Thanks Majik thats brilliant info, logged onto the Arsenal site last night to see whats what and it seems as if they are only selling tickets to silver memberships and app you have to graduate to these from the red membership!!!!!! will have another trawl around this morning and see what I can come up with.

cuchulainn am only about 20mins from Dublin airport but thanks for the suggestion anyway.


----------



## sunrock (22 Nov 2006)

NorfBank said:


> Coleen,
> 
> Get a one day travelcard off peak zones 1-6 at Gatwick. This will cost you 10GBP using Southern trains (serves Victoria) or 11GBP using First Capital Connect (serves London Bridge). This will get you to London (and back in a day) and allow you unlimited use of the Tube. Gatwick to Victoria in about 40 mins then 20 mins on Tube to the ground
> 
> ...


----------



## grizzcol (22 Nov 2006)

doesn't the gatwick express go straight into Victoria? and from there get a tube?


----------



## gerglan (7 Nov 2011)

*arsenal home games*



helan72 said:


> Dont mean to hijack thread but I am trying to organise a trip to an arsenel game for the other half for a christmas present - at the moment it is looking like €600 for flights accomodation and tickets to the match which i dont really fancy paying as for the two of us it is mad money.
> 
> This is with sportstours, anyone have any other ideas.
> 
> ta


thomas cook sports or celtichorizontours

 normally better value


----------



## gooner (24 Feb 2012)

Hi, thought I would add to this thread instead of starting a new one. I was lucky enough to get tickets for the Arsenal v Man City game on April 7th at 4pm (Easter Sunday). Our plan is to travel over from Belfast to either Stansted (arrive 10.35am) or Gatwick (arrive 8.50am) on Sunday morning and fly back that night from Gatwick (depart 9.25pm)

I would be grateful for some advice on the latest on travel to and from the Emirates.

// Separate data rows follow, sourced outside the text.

lemma proper_colouring_from_ports:
  fixes G :: "('v,'e) pre_digraph" and e1 e2 :: 'e and col :: "nat \<Rightarrow> nat"
  defines "H \<equiv> delete_edges G {e1,e2}"
  assumes "finite (arcs G)" and "e1 \<in> arcs G" and "e2 \<in> arcs G" and "e1 \<noteq> e2"
    and "proper_3_edge_colouring H c" and "col 0 = col 1" and "col 2 = col 3"
    and "\<And>s. s < 4 \<Longrightarrow> col s \<in> {0,1,2}"
    and "\<And>v k. v \<in> verts G \<Longrightarrow> colour_degree H c v k + card {s. s < 4 \<and> port G e1 e2 s = v \<and> col s = k} \<le> 1"
  shows "proper_3_edge_colouring G (c(e1 := col 0, e2 := col 2))"
  unfolding proper_3_edge_colouring_iff[OF assms(2)]
proof (intro conjI ballI allI)
  fix e assume "e \<in> arcs G"
  then show "(c(e1 := col 0, e2 := col 2)) e \<in> {0,1,2}"
    using assms(6,9) by (auto simp: H_def proper_3_edge_colouring_iff assms(2))
next
  fix v k assume "v \<in> verts G"
  let ?c = "c(e1 := col 0, e2 := col 2)"
  have "colour_degree G ?c v k = colour_degree H ?c v k
      + ((if col 0 = k then ends_at G v e1 else 0) + (if col 2 = k then ends_at G v e2 else 0))"
    using assms(2-5) by (simp add: H_def colour_degree_delete_edges[of G "{e1,e2}"])
  also have "colour_degree H ?c v k = colour_degree H c v k"
    using assms(3-5) by (intro colour_degree_cong) (auto simp: H_def)
  also have "(if col 0 = k then ends_at G v e1 else 0) + (if col 2 = k then ends_at G v e2 else 0)
      = card {s. s < 4 \<and> port G e1 e2 s = v \<and> col s = k}"
    using assms(7,8) by (simp add: card_less_4 port_def ends_at_def)
  finally have "colour_degree G (c(e1 := col 0, e2 := col 2)) v k
      = colour_degree H c v k + card {s. s < 4 \<and> port G e1 e2 s = v \<and> col s = k}" .
  then show "colour_degree G (c(e1 := col 0, e2 := col 2)) v k \<le> 1"
    using assms(10) \<open>v \<in> verts G\<close> by simp
qed

lemma proper_colouring_G12_from_ports:
  fixes G :: "('v,'e) pre_digraph" and e1 e2 :: 'e and c :: "'e \<Rightarrow> nat" and col :: "nat \<Rightarrow> nat"
  defines "H \<equiv> delete_edges G {e1,e2}"
    and "d \<equiv> case_sum c (\<lambda>s. if s < 4 then col s else 3 - col 0 - col 1)"
  assumes "finite (arcs G)" and "proper_3_edge_colouring H c"
    and "col 0 \<noteq> col 1" and "{col 0, col 1} = {col 2, col 3}"
    and "\<And>s. s < 4 \<Longrightarrow> col s \<in> {0,1,2}"
    and "\<And>v k. v \<in> verts G \<Longrightarrow> colour_degree H c v k + card {s. s < 4 \<and> port G e1 e2 s = v \<and> col s = k} \<le> 1"
  shows "proper_3_edge_colouring (G12 G e1 e2) d"
proof -
  have fin: "finite (arcs (G12 G e1 e2))"
    using assms(3) by (simp add: arcs_G12)
  have c: "\<forall>e \<in> arcs H. c e \<in> {0,1,2}"
    using assms(3,4) by (simp add: H_def proper_3_edge_colouring_iff)
  have col: "col 0 \<in> {0,1,2}" "col 1 \<in> {0,1,2}" "col 2 \<noteq> col 3"
    using assms(5-7) by (auto simp: doubleton_eq_iff)
  have d: "d \<circ> Inl = c" "d (Inr 4) = 3 - col 0 - col 1" "\<And>s. s < 4 \<Longrightarrow> d (Inr s) = col s"
    by (auto simp: d_def)
  have "col 2 \<in> {col 0, col 1}" "col 3 \<in> {col 0, col 1}"
    using assms(6) by blast+
  then have third: "3 - col 0 - col 1 \<in> {0,1,2} - {col 0, col 1, col 2, col 3}"
    using col(1,2) assms(5) by auto
  show ?thesis
    unfolding proper_3_edge_colouring_iff[OF fin]
  proof (intro conjI ballI allI)
    fix x assume "x \<in> arcs (G12 G e1 e2)"
    then consider e where "x = Inl e" "e \<in> arcs H" | s where "x = Inr s" "s < 4" | "x = Inr 4"
      by (auto simp: arcs_G12 H_def le_less)
    then show "d x \<in> {0,1,2}"
      by cases (use c d third assms(7) in \<open>auto simp: d_def\<close>)
  next
    fix x k assume "x \<in> verts (G12 G e1 e2)"
    then consider v where "x = Inl v" "v \<in> verts G" | "x = Inr False" | "x = Inr True"
      by auto
    then show "colour_degree (G12 G e1 e2) d x k \<le> 1"
    proof cases
      case 1
      have "{s. s < 4 \<and> port G e1 e2 s = v \<and> d (Inr s) = k}
          = {s. s < 4 \<and> port G e1 e2 s = v \<and> col s = k}"
        using d(3) by auto
      then show ?thesis
        using assms(8)[OF 1(2)] by (simp add: 1 colour_degree_G12_old_vertex[OF assms(3)] d(1) H_def)
    next
      case 2
      then show ?thesis
        using third assms(5) by (simp add: colour_degree_G12_new_vertices[OF assms(3)] d)
    next
      case 3
      then show ?thesis
        using third col(3) by (simp add: colour_degree_G12_new_vertices[OF assms(3)] d)
    qed
  qed
qed

lemma card_ports_eq_card_missing_colours:
  fixes G :: "('v,'e) pre_digraph" and e1 e2 :: 'e
  defines "H \<equiv> delete_edges G {e1,e2}"
  assumes "cubic G" and "e1 \<in> arcs G" and "e2 \<in> arcs G" and "e1 \<noteq> e2"
    and "proper_3_edge_colouring H c" and "v \<in> verts G"
  shows "card {s \<in> {..<4}. port G e1 e2 s = v} = card (missing_colours H c v)"
proof -
  have fin: "finite (arcs G)"
    using assms(2) by (simp add: cubic_def fin_digraph_def fin_digraph_axioms_def)
  have "degree H v + card {s. s < 4 \<and> port G e1 e2 s = v} = degree G v"
    using fin assms(3-5)
    by (simp add: H_def degree_eq_colour_degree_const[of _ _ 0] colour_degree_delete_edges[of G "{e1,e2}"]
        card_less_4 port_def ends_at_def)
  also have "\<dots> = card (missing_colours H c v) + degree H v"
    using card_missing_colours[of H c v] assms(2,6,7) fin by (simp add: H_def cubic_def)
  finally show ?thesis by simp
qed

lemma obtain_port_colouring:
  fixes G :: "('v,'e) pre_digraph" and e1 e2 :: 'e
  defines "H \<equiv> delete_edges G {e1,e2}"
  assumes "cubic G" and "e1 \<in> arcs G" and "e2 \<in> arcs G" and "e1 \<noteq> e2"
    and "proper_3_edge_colouring H c"
  obtains col :: "nat \<Rightarrow> nat" where "\<And>s. s < 4 \<Longrightarrow> col s \<in> {0,1,2}"
    and "\<And>v k. v \<in> verts G \<Longrightarrow> colour_degree H c v k + card {s. s < 4 \<and> port G e1 e2 s = v \<and> col s = k} \<le> 1"
    and "even (card {s. s < 4 \<and> col s = 0} + card {s. s < 4 \<and> col s = 1})"
    and "even (card {s. s < 4 \<and> col s = 1} + card {s. s < 4 \<and> col s = 2})"
proof -
  let ?M = "missing_colours H c" and ?port = "port G e1 e2"
  have fG: "fin_digraph G"
    using assms(2) by (simp add: cubic_def)
  then have fH: "fin_digraph H" and fin: "finite (arcs G)" "finite (verts G)"
    unfolding H_def by (simp_all add: fin_digraph_delete_edges fin_digraph_def[of G] fin_digraph_axioms_def)
  have port_verts: "?port ` {..<4} \<subseteq> verts G"
    using fG assms(3,4) by (auto simp: port_def fin_digraph_def wf_digraph_def)
  obtain col where col_missing: "\<And>s. s \<in> {..<4} \<Longrightarrow> col s \<in> ?M (?port s)"
    and col_fibres: "\<And>v k. v \<in> verts G \<Longrightarrow> card {s \<in> {..<4}. ?port s = v \<and> col s = k} = of_bool (k \<in> ?M v)"
    using obtain_fibrewise_bijection[of "{..<4}" ?port "verts G" ?M] port_verts
      card_ports_eq_card_missing_colours[OF assms(2-6)[unfolded H_def]]
    by (auto simp: H_def missing_colours_def)
  have range: "col s \<in> {0,1,2}" if "s < 4" for s
    using col_missing[of s] that by (simp add: missing_colours_def)
  have fits: "colour_degree H c v k + card {s. s < 4 \<and> ?port s = v \<and> col s = k} \<le> 1"
    if "v \<in> verts G" for v k
    using col_fibres[OF that, of k] missing_colour_add_colour_degree(1)[of H c v k] assms(6) fin(1) that
    by (simp add: H_def)
  have count: "card {s. s < 4 \<and> col s = k} + 2 * card {e \<in> arcs H. c e = k} = card (verts G)"
    if "k \<in> {0,1,2}" for k
    using card_fibrewise_count[of "{..<4}" "verts G" ?port col k ?M] fin(2) port_verts col_fibres
      parity_lemma[OF fH assms(6) that]
    by (simp add: H_def)
  have "even (card {s. s < 4 \<and> col s = 0} + card {s. s < 4 \<and> col s = 1})"
    and "even (card {s. s < 4 \<and> col s = 1} + card {s. s < 4 \<and> col s = 2})"
    using count[of 0] count[of 1] count[of 2] by simp_all presburger+
  with range fits show ?thesis
    by (rule that)
qed

lemma three_edge_colourable_G12:
  assumes "cubic G" and "\<not> three_edge_colourable G"
    and "e1 \<in> arcs G" and "e2 \<in> arcs G" and "e1 \<noteq> e2"
    and "proper_3_edge_colouring (delete_edges G {e1,e2}) c"
  shows "three_edge_colourable (G12 G e1 e2)"
proof -
  have fin: "finite (arcs G)"
    using assms(1) by (simp add: cubic_def fin_digraph_def fin_digraph_axioms_def)
  obtain col where col_range: "\<And>s. s < 4 \<Longrightarrow> col s \<in> {0,1,2}"
    and fits: "\<And>v k. v \<in> verts G \<Longrightarrow> colour_degree (delete_edges G {e1,e2}) c v k
      + card {s. s < 4 \<and> port G e1 e2 s = v \<and> col s = k} \<le> 1"
    and even: "even (card {s. s < 4 \<and> col s = 0} + card {s. s < 4 \<and> col s = 1})"
      "even (card {s. s < 4 \<and> col s = 1} + card {s. s < 4 \<and> col s = 2})"
    using obtain_port_colouring[OF assms(1,3-6)] by blast
  from four_colours_pair_up[of col, OF col_range even]
  consider "col 0 = col 1" "col 2 = col 3" | "col 0 \<noteq> col 1" "{col 0, col 1} = {col 2, col 3}"
    by blast
  then show ?thesis
  proof cases
    case 1
    have "proper_3_edge_colouring G (c(e1 := col 0, e2 := col 2))"
      using fin assms(3-6) 1 col_range fits by (rule proper_colouring_from_ports)
    with assms(2) show ?thesis
      by (auto simp: three_edge_colourable_def)
  next
    case 2
    have "proper_3_edge_colouring (G12 G e1 e2) (case_sum c (\<lambda>s. if s < 4 then col s else 3 - col 0 - col 1))"
      using fin assms(6) 2 col_range fits by (rule proper_colouring_G12_from_ports)
    then show ?thesis
      unfolding three_edge_colourable_def by blast
  qed
qed

theorem proposition4:
  fixes G :: "('v,'e) pre_digraph" and e1 e2 :: 'e
  assumes "snark G" and "e1 \<in> arcs G" and "e2 \<in> arcs G" and "e1 \<noteq> e2"
  shows "snark (G12 G e1 e2) \<longleftrightarrow> \<not> three_edge_colourable (delete_edges G {e1, e2})"
proof -
  have cub: "cubic G" and con: "connected G" and ncol: "\<not> three_edge_colourable G"
    using assms(1) by (simp_all add: snark_def)
  have fin: "finite (arcs G)" and wf: "wf_digraph G"
    using cub by (simp_all add: cubic_def fin_digraph_def fin_digraph_axioms_def)
  have "three_edge_colourable (G12 G e1 e2) \<longleftrightarrow> three_edge_colourable (delete_edges G {e1, e2})"
    using three_edge_colourable_G12[OF cub ncol assms(2-4)] proper_colouring_restrict_G12[OF fin]
    unfolding three_edge_colourable_def by blast
  then show ?thesis
    using cubic_G12[OF cub assms(2-4)] connected_G12[OF wf con assms(2,3)] by (simp add: snark_def)
qed

end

I think cause we have little time we will be heading straight to the stadium area, maybe a pub or two and spend some time around the stadium, superstore, etc..

Do you think we have plenty of time to get the return flight from Gatwick at 9.25pm, and if so what time would we need to be heading back to the airport at?

We are flying Easyjet, so I guess we could probably check in before we leave for outward and return flights?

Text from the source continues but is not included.